As I look back, I knew very little about my grandfather, Joachim. He was a child when he lost his mum and his father remarried with his aunt. He was unhappy with this marriage. That’s why, as soon as he was 14 years old, he decided to leave Portugal and sailed away to Algeria. He would never return to his native Portugal and would never speak Portuguese again.

Joachim grew up to be a strong man. He worked on building hydroelectric dams. He loved speed. When he wasn’t working, he loved to drive fast machines: a sports cabriolet or a motorbike.

One day he realized that he couldn’t feel electricity through his hands. He took that as a joke showing this ability to his coworkers. But something odd was evolving, too. He began to have numbness in his feet and legs. He was losing weight and the strength which he was so proud of. He passed away at 40, leaving behind his wife, Rosalie, and a ten-year-old son named Jacky, who would become my father.

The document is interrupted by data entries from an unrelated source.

lemma power_mabs_le_const_mult_mfact_powr:
  fixes c r :: real
  assumes "0 < c" "0 < r"
  shows "\<exists>K\<ge>0. \<forall>n::'d::finite \<Rightarrow> nat. c ^ mabs n \<le> K * real (mfact n) powr r"
proof -
  obtain K where K: "K \<ge> 0" "\<And>k. c ^ k \<le> K * fact k powr r"
    using power_le_const_mult_fact_powr[OF assms] by blast
  show ?thesis
  proof (intro exI[of _ "K ^ card (UNIV :: 'd set)"] conjI allI)
    fix n :: "'d \<Rightarrow> nat"
    have "c ^ mabs n = (\<Prod>j\<in>UNIV. c ^ n j)"
      by (simp add: mabs_def power_sum)
    also have "\<dots> \<le> (\<Prod>j\<in>UNIV. K * fact (n j) powr r)"
      using K assms by (intro prod_mono) auto
    also have "\<dots> = K ^ card (UNIV :: 'd set) * real (mfact n) powr r"
      by (simp add: prod.distrib mfact_def prod_powr_distrib of_nat_prod)
    finally show "c ^ mabs n \<le> K ^ card (UNIV :: 'd set) * real (mfact n) powr r" .
  qed (use K in simp)
qed

lemma mfact_le_mabs_power: "mfact n \<le> mabs n ^ mabs n"
proof -
  have "mfact n \<le> (\<Prod>j\<in>UNIV. n j ^ n j)"
    unfolding mfact_def using fact_le_power[where 'a = nat] by (intro prod_mono) auto
  also have "\<dots> \<le> (\<Prod>j\<in>UNIV. mabs n ^ n j)"
    unfolding mabs_def by (intro prod_mono conjI power_mono member_le_sum) auto
  also have "\<dots> = mabs n ^ mabs n"
    by (simp add: mabs_def power_sum)
  finally show ?thesis .
qed

lemma mfact_ge_1: "1 \<le> mfact n"
  unfolding mfact_def by (metis fact_ge_1 prod_ge_1)

lemma const_mult_powr_le_const_plus_powr:
  fixes A a p \<epsilon> :: real
  assumes "0 \<le> A" "0 < a" "a < p" "0 < \<epsilon>"
  shows "\<exists>C\<ge>0. \<forall>y\<ge>0. A * y powr a \<le> C + \<epsilon> * y powr p"
proof -
  define M where "M = (A / \<epsilon>) powr (1 / (p - a))"
  have "M \<ge> 0"
    by (simp add: M_def)
  have M_powr: "M powr (p - a) = A / \<epsilon>"
    using assms by (simp add: M_def powr_powr)
  show ?thesis
  proof (intro exI[of _ "A * M powr a"] conjI allI impI)
    fix y :: real
    assume "y \<ge> 0"
    show "A * y powr a \<le> A * M powr a + \<epsilon> * y powr p"
    proof (cases "y \<le> M")
      case True
      then have "A * y powr a \<le> A * M powr a"
        using assms \<open>y \<ge> 0\<close> by (intro mult_left_mono powr_mono2) auto
      moreover have "\<epsilon> * y powr p \<ge> 0"
        using assms by simp
      ultimately show ?thesis by linarith
    next
      case False
      then have "M powr (p - a) \<le> y powr (p - a)"
        using assms \<open>M \<ge> 0\<close> by (intro powr_mono2) auto
      then have "A \<le> \<epsilon> * y powr (p - a)"
        using M_powr assms by (simp add: field_simps)
      then have "A * y powr a \<le> \<epsilon> * y powr (p - a) * y powr a"
        by (intro mult_right_mono) auto
      also have "\<dots> = \<epsilon> * y powr p"
        by (simp add: mult.assoc powr_add[symmetric])
      finally have "A * y powr a \<le> \<epsilon> * y powr p" .
      moreover have "0 \<le> A * M powr a"
        using assms by simp
      ultimately show ?thesis
        by linarith
    qed
  qed (use assms in simp)
qed
(* Let $S=(\Lambda,L)$ on $X$ and $S'=(\Lambda',L')$ on $X'$ be bispectrally dual completely integrable quantum systems, with anti-isomorphism $b:B\to B'$. Let $f\in\mathcal{O}(\Lambda)$ and $g\in\mathcal{O}(\Lambda')$ (the latter viewed, via $\pi'$, as a multiplication operator in $\mathcal{D}(X)$), and let $m=\operatorname{ord}L_f$ and $n=\operatorname{ord}L'_g$. Then there exist elements $K,Q,R\in B$ satisfying $$g^{m+1}\circ L_f=K\circ g,\qquad L_f\circ g^{m+1}=g\circ R,\qquad L_f^{n+1}\circ g=Q\circ L_f.$$
   Context: All varieties are over an algebraically closed field $\mathbb{F}$ of characteristic zero; $\mathcal{D}(X)$ denotes the ring of differential operators on $X$ and $\mathcal{O}(X)$ its coordinate ring. A quantum Hamiltonian system (QHS) on a smooth irreducible affine variety $X$ is a pair $S=(\Lambda,L)$ where $\Lambda$ is an affine variety over $\mathbb{F}$ and $L:\mathcal{O}(\Lambda)\to\mathcal{D}(X)$, $h\mapsto L_h$, is an embedding of rings; it is a completely integrable quantum system if $\dim\Lambda=\dim X$. For QHSs $S=(\Lambda,L)$ on $X$ and $S'=(\Lambda',L')$ on $X'$, suppose $X'$ covers $\Lambda$ and $X$ covers $\Lambda'$, giving natural embeddings $\pi:\mathcal{O}(\Lambda)\to\mathcal{O}(X')$ and $\pi':\mathcal{O}(\Lambda')\to\mathcal{O}(X)$; functions act as multiplication operators, so $\mathcal{O}(X)\subset\mathcal{D}(X)$, and one writes $g$ for $\pi'(g)$ and $f$ for $\pi(f)$. Let $B\subset\mathcal{D}(X)$ be the subring generated by the images of $L$ and $\pi'$, and $B'\subset\mathcal{D}(X')$ the subring generated by the images of $L'$ and $\pi$. $S$ and $S'$ are bispectrally dual if there is a map $b:B\to B'$ with $b(L_h)=\pi(h)$ for all $h\in\mathcal{O}(\Lambda)$, $b(\pi'(k))=L'_k$ for all $k\in\mathcal{O}(\Lambda')$, $b(P_1P_2)=b(P_2)b(P_1)$ and $b(P_1+P_2)=b(P_1)+b(P_2)$ for all $P_1,P_2\in B$, and $b(P)=0$ iff $P=0$. *)

theory Defs
  imports Main "HOL-Library.Extended_Nat" "HOL-Computational_Algebra.Polynomial"
begin
lemma finite_multi_idx: "finite (multi_idx d :: ('n::finite \<Rightarrow> nat) set)"
proof (rule finite_subset)
  show "multi_idx d \<subseteq> (PiE UNIV (\<lambda>_. {..d}) :: ('n \<Rightarrow> nat) set)"
  proof
    fix \<alpha> :: "'n \<Rightarrow> nat"
    assume "\<alpha> \<in> multi_idx d"
    then have "\<alpha> i \<le> d" for i
      using member_le_sum[of i UNIV \<alpha>] unfolding multi_idx_def by auto
    then show "\<alpha> \<in> PiE UNIV (\<lambda>_. {..d})" by (simp add: PiE_iff)
  qed
qed (rule finite_PiE, auto)

lemma finite_coef_idx: "finite (coef_idx d :: ('n::finite \<times> ('n \<Rightarrow> nat)) set)"
  unfolding coef_idx_def by (rule finite_cartesian_product[OF finite finite_multi_idx])

text \<open>Every rational map is at distance 0 from itself: its coefficient vector is nonzero
  and supported in the finite index set, so the quotient under arccos is exactly 1.\<close>
lemma fs_dist_self:
  assumes "f \<in> ratmaps d"
  shows "fs_dist (coef_idx d) f f = 0"
proof -
  define v where "v = rep f"
  define I where "I = (coef_idx d :: ('a::finite \<times> ('a \<Rightarrow> nat)) set)"
  define S where "S = (\<Sum>i\<in>I. (cmod (v i))\<^sup>2)"
  obtain x where x: "v x \<noteq> 0" using rep_nonzero[of f] unfolding v_def by (auto simp: fun_eq_iff)
  have "x \<in> I" using assms x unfolding ratmaps_def v_def I_def by (cases x) auto
  have "finite I" unfolding I_def by (rule finite_coef_idx)
  then have "S > 0" unfolding S_def by (rule sum_pos2[OF _ \<open>x \<in> I\<close>]) (use x in auto)
  have "cinner I v v = (\<Sum>i\<in>I. complex_of_real ((cmod (v i))\<^sup>2))"
    unfolding cinner_def
    by (rule sum.cong) (simp_all add: complex_norm_square[symmetric] del: of_real_power)
  also have "\<dots> = complex_of_real S" unfolding S_def by simp
  finally have "cmod (cinner I v v) = S" using \<open>S > 0\<close> by simp
  moreover have "cnorm I v * cnorm I v = S" unfolding cnorm_def S_def by (simp add: sum_nonneg)
  ultimately show ?thesis unfolding fs_dist_def v_def[symmetric] I_def[symmetric]
    using \<open>S > 0\<close> by simp
qed

lemma distM_le_fs_dist: "g \<in> degen d \<Longrightarrow> distM d f \<le> fs_dist (coef_idx d) f g"
  unfolding distM_def
  by (rule cInf_lower) (use fs_dist_bounds in \<open>auto intro!: bdd_belowI[of _ 0]\<close>)

text \<open>dist(f, M) is bounded above uniformly in f (by pi, or by the conventional value of
  an empty infimum when M is empty).\<close>
lemma distM_bounded_above: "\<exists>B. \<forall>f. distM d (f :: ('n::finite \<times> ('n \<Rightarrow> nat)) proj) \<le> B"
proof (cases "degen d = ({} :: ('n \<times> ('n \<Rightarrow> nat)) proj set)")
  case True
  then show ?thesis unfolding distM_def by auto
next
  case False
  then obtain g :: "('n \<times> ('n \<Rightarrow> nat)) proj" where "g \<in> degen d" by blast
  then have "distM d f \<le> pi" for f :: "('n \<times> ('n \<Rightarrow> nat)) proj"
    using distM_le_fs_dist[of g d f] fs_dist_bounds[of "coef_idx d" f g] by linarith
  then show ?thesis by blast
qed

lemma log_dist_bounded_above:
  "\<exists>B. \<forall>f. log_dist d (f :: ('n::finite \<times> ('n \<Rightarrow> nat)) proj) \<le> ereal B"
proof -
  obtain B where B: "\<And>f :: ('n \<times> ('n \<Rightarrow> nat)) proj. distM d f \<le> B"
    using distM_bounded_above by blast
  have "log_dist d f \<le> ereal B" for f :: "('n \<times> ('n \<Rightarrow> nat)) proj"
  proof (cases "distM d f > 0")
    case True
    then have "ln (distM d f) \<le> B" using ln_bound[OF True] B[of f] by linarith
    then show ?thesis using True unfolding log_dist_def by simp
  qed (simp add: log_dist_def)
  then show ?thesis by blast
qed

Fast forwarding 25 years, I am now ten years old. I live with my dad, Jacky; mum, and my granny, Rosalie. I am happy, but I have a different life. I like going outside and playing with other children, but unlike them I never go walking in the forest or play football with my father because he doesn’t have the physical strength to move from his chair. He spends more and more time in his bed. He is too physically weak to move.

My mum worked at the factory to help pay the bills, and then she and my grandmother were taking care of my father. Ultimately, my father was misdiagnosed with another neuropathy: the Charcot-Marie-Tooth disease. He passed away when I was 11 years old. When I was diagnosed 23 years later, I finally understood my father must have had hATTR amyloidosis, too.

As for me, as if to please my father when I was a child, I continued to work at school and during all my studies. Then, I always tried to do my best, but without a father figure in my life, I always felt that I missed this important return. I did not know if I was doing well or not. I have always seen my father try to enjoy life as much as he could through music, good food, fine wines, sharing good times with friends and family. That’s why I also became an epicurean, trying to enjoy everything I could experience.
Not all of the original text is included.